As técnicas são várias e às vezes é preciso aprender a tirar cafés ou a voar no trapézio

15 de julho de 2018 às 00:30

Vestir a pele dos outros não é fácil, mas esse é o dia a dia dos atores. As estratégias são mais que muitas, num vale tudo que vai desde exercícios de improviso a trabalho de campo que já levou muitos atores profissionais a aprender a tirar cafés, a tocar violino ou a passar uns dias no hospital. Tudo em nome da credibilidade que se quer ver e aplaudir, no palco ou no ecrã.

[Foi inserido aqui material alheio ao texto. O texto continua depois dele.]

lemma alt_code_is_code_conc:
  assumes ac: "alt_code X Y"
  shows "is_code (conc X Y)"
  unfolding is_code_def
proof (intro conjI allI impI)
  show nil: "[] \<notin> conc X Y" using ac by (auto simp: alt_code_def conc_def)
  fix us vs assume us: "set us \<subseteq> conc X Y" and vs: "set vs \<subseteq> conc X Y"
    and eq: "concat us = concat vs"
  show "us = vs"
  proof (cases "us = [] \<or> vs = []")
    case True
    with eq us vs nil show ?thesis by (metis concat.simps(1) concat_eq_Nil_in)
  next
    case False
    obtain fs gs where fs: "xy_factorization X Y fs" "pair_up fs = us"
      and gs: "xy_factorization X Y gs" "pair_up gs = vs"
      using exists_xy_factorization[OF us] exists_xy_factorization[OF vs] by blast
    with False have "fs \<noteq> []" "gs \<noteq> []" by auto
    with fs gs have "alt_fact X Y fs" "alt_fact X Y gs" "similar fs gs"
      using xy_factorization_alt_fact by (auto simp: similar_def)
    moreover have "concat (map snd fs) = concat (map snd gs)"
      using eq fs gs concat_pair_up by metis
    ultimately have "fs = gs" using alt_code_unique[OF ac] by blast
    with fs gs show ?thesis by simp
  qed
qed

lemma prefix_code_left_quot_conc:
  assumes "prefix_code X"
  shows "left_quot X (conc X Y) \<subseteq> Y"
proof
  fix u assume "u \<in> left_quot X (conc X Y)"
  then obtain x x' y where "x \<in> X" "x' \<in> X" "y \<in> Y" "x @ u = x' @ y"
    by (auto simp: left_quot_def conc_def)
  with prefix_code_append_eq_append[OF assms] show "u \<in> Y" by metis
qed

lemma suffix_code_right_quot_conc:
  assumes "suffix_code Y"
  shows "right_quot (conc X Y) Y \<subseteq> X"
proof
  fix u assume "u \<in> right_quot (conc X Y) Y"
  then obtain x y y' where "x \<in> X" "y \<in> Y" "y' \<in> Y" "u @ y' = x @ y"
    by (auto simp: right_quot_def conc_def)
  with suffix_code_append_eq_append[OF assms] show "u \<in> X" by metis
qed

definition pad :: "'a list \<Rightarrow> 'a list \<Rightarrow> (bool \<times> 'a list) list \<Rightarrow> (bool \<times> 'a list) list" where
  "pad x y fs = (if fst (hd fs) then [] else [(True, x)]) @ fs @
     (if fst (last fs) then [(False, y)] else [])"

lemma concat_map_snd_pad:
  "concat (map snd (pad x y fs)) = (if fst (hd fs) then [] else x) @ concat (map snd fs) @
     (if fst (last fs) then y else [])"
  by (simp add: pad_def)

lemma xy_factorization_pad:
  assumes "x \<in> X" "y \<in> Y" "alt_fact X Y fs"
  shows "xy_factorization X Y (pad x y fs)"
proof (rule xy_factorization_if_alternating)
  have "fs \<noteq> []" "alternating fs" "\<forall>(b, u) \<in> set fs. if b then u \<in> X else u \<in> Y"
    using assms(3) by (auto simp: alt_fact_iff_alternating)
  with assms(1,2) show "alternating (pad x y fs)"
    "\<forall>(b, u) \<in> set (pad x y fs). if b then u \<in> X else u \<in> Y"
    "pad x y fs \<noteq> [] \<longrightarrow> fst (hd (pad x y fs)) \<and> \<not> fst (last (pad x y fs))"
    by (auto simp: pad_def alternating_Cons alternating_snoc)
qed

lemma pad_eq_imp_eq: "pad x y fs = pad x y gs \<Longrightarrow> similar fs gs \<Longrightarrow> fs = gs"
  by (simp add: pad_def similar_def)

lemma alt_code_if_prefix_code_is_code_conc:
  assumes ne: "X \<noteq> {}" "Y \<noteq> {}" "[] \<notin> X" "[] \<notin> Y"
    and pc: "prefix_code X" and ic: "is_code (conc X Y)"
  shows "alt_code X Y"
  unfolding alt_code_def
proof (intro conjI allI impI)
  obtain x y where x: "x \<in> X" and y: "y \<in> Y" using ne by auto
  fix fs gs assume af: "alt_fact X Y fs" and ag: "alt_fact X Y gs" and sim: "similar fs gs"
    and eq: "concat (map snd fs) = concat (map snd gs)"
  have xf: "xy_factorization X Y (pad x y fs)" and xg: "xy_factorization X Y (pad x y gs)"
    using xy_factorization_pad[OF x y] af ag by auto
  have "concat (map snd (pad x y fs)) = concat (map snd (pad x y gs))"
    using sim eq by (simp add: concat_map_snd_pad similar_def)
  then have "concat (pair_up (pad x y fs)) = concat (pair_up (pad x y gs))"
    by (simp add: concat_pair_up[OF xf] concat_pair_up[OF xg])
  then have "pair_up (pad x y fs) = pair_up (pad x y gs)"
    using ic set_pair_up_subset_conc[OF xf] set_pair_up_subset_conc[OF xg]
    by (simp add: is_code_def)
  with pair_up_inj[OF pc xf xg] sim show "fs = gs" by (simp add: pad_eq_imp_eq)
qed (use ne in auto)

theorem theoremT:
  fixes X Y :: "('a::finite) list set"
  assumes "X \<noteq> {}" and "Y \<noteq> {}" and "[] \<notin> X" and "[] \<notin> Y"
  shows "(strong_alt_induced_by (conc X Y) X Y \<longleftrightarrow> strong_alt_code X Y)
       \<and> (strong_alt_code X Y \<longleftrightarrow> (prefix_code X \<and> suffix_code Y \<and> is_code (conc X Y)))"
proof -
  have "strong_alt_code X Y"
    if "prefix_code X" "suffix_code Y" "is_code (conc X Y)"
    using that alt_code_if_prefix_code_is_code_conc[OF assms]
      prefix_code_left_quot_conc[of X Y] suffix_code_right_quot_conc[of Y X]
    by (simp add: strong_alt_code_def)
  moreover have "prefix_code X \<and> suffix_code Y \<and> is_code (conc X Y)"
    if "strong_alt_code X Y"
    using that strong_alt_code_prefix_code strong_alt_code_suffix_code
      alt_code_is_code_conc by (auto simp: strong_alt_code_def)
  ultimately show ?thesis by (auto simp: strong_alt_induced_by_def)
qed

end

Foi essa busca de naturalismo que pôs o ator Miguel Costa a aprender malabarismo e a movimentar-se num trapézio. A sua próxima personagem na telenovela ‘Alma e Coração’ é um artista e professor de artes circenses e Miguel Costa não quis deixar créditos em mãos alheias. "É claro que, nestes casos, existem duplos e eles substituem-nos sempre que necessário, mas nós, atores, também gostamos de dar o máximo de nós à personagem. Quis logo aprender tanto malabarismo como trapézio, aliás, ainda estou a aprender a tornar-me mais competente para que, à medida que a novela avança, podermos ir fazendo cada vez melhor, dispensando os duplos e oferecendo mais qualidade e verdade ao público."

Mas chegar a esta verdade é outra história, que não foi feita para corações sensíveis nem para gente com vertigens. Felizmente, Miguel Costa sempre sentiu uma certa atração pelos malabares e desde que assumiu o papel passou a frequentar encontros de malabaristas e a treinar. Muito. Tanto que até já abriu um lábio.

"Agora ando sempre com as bolas, os malabares e os arcos para todo o lado e treino a toda a hora. Felizmente, lá em casa, as minhas filhas acham piada", conta.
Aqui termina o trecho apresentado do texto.